The new National Children’s Hospital is intended to be almost fully digital so the technological innovations achieved at Crumlin, as well as at the other paediatric hospitals, will be important in ensuring this ambition is realised.
Plans for both community and hospital pharmacy are contained in the national e-Health strategy, which is finally being rolled out by the HSE.
Part of the strategy and central to the electronic prescribing agenda is the creation of a single drug file for Ireland, which will enable medicines, regardless of geography or setting, to be recorded in the same way against a national coded system.

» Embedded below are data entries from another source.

lemma pathin_join:
  assumes p: "pathin X p" and q: "pathin X q" and pq: "p 1 = q 0"
  shows "pathin X (path_join p q)"
proof -
  let ?T01 = "top_of_set {0..1::real}"
  have "continuous_map ?T01 X (\<lambda>x. if x \<le> 1/2 then (p \<circ> (\<lambda>t. 2 * t)) x else (q \<circ> (\<lambda>t. 2 * t - 1)) x)"
  proof (intro continuous_map_cases_le continuous_map_compose, force, force)
    show "continuous_map (subtopology ?T01 {x \<in> topspace ?T01. x \<le> 1/2}) ?T01 ((*) 2)"
      by (auto simp: continuous_map_in_subtopology continuous_map_from_subtopology)
    have "continuous_map (subtopology ?T01 {x. 0 \<le> x \<and> x \<le> 1 \<and> 1 \<le> x * 2}) euclideanreal (\<lambda>t. 2 * t - 1)"
      by (intro continuous_intros) (force intro: continuous_map_from_subtopology)
    then show "continuous_map (subtopology ?T01 {x \<in> topspace ?T01. 1/2 \<le> x}) ?T01 (\<lambda>t. 2 * t - 1)"
      by (force simp: continuous_map_in_subtopology)
    show "(p \<circ> (*) 2) x = (q \<circ> (\<lambda>t. 2 * t - 1)) x" if "x \<in> topspace ?T01" "x = 1/2" for x
    proof -
      from that have "2 * x = 1" "2 * x - 1 = 0" by simp_all
      then show ?thesis using pq by simp
    qed
  qed (use p q in \<open>simp_all add: pathin_def\<close>)
  then show ?thesis unfolding pathin_def path_join_def comp_def .
qed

This project, as well as other initiatives under the strategy, is still in its early stages, but offers hope that the fragmentary manner in which hospital IT systems have developed in the past may be coming to an end.
The further implementation of electronic prescribing and other pharmacy informatics systems in Irish hospitals will require not only considerable capital investment, but also the participation of hospital pharmacists with the requisite technological expertise. It will also require a determination from healthcare management to bring the State’s healthcare infrastructure into the 21st century.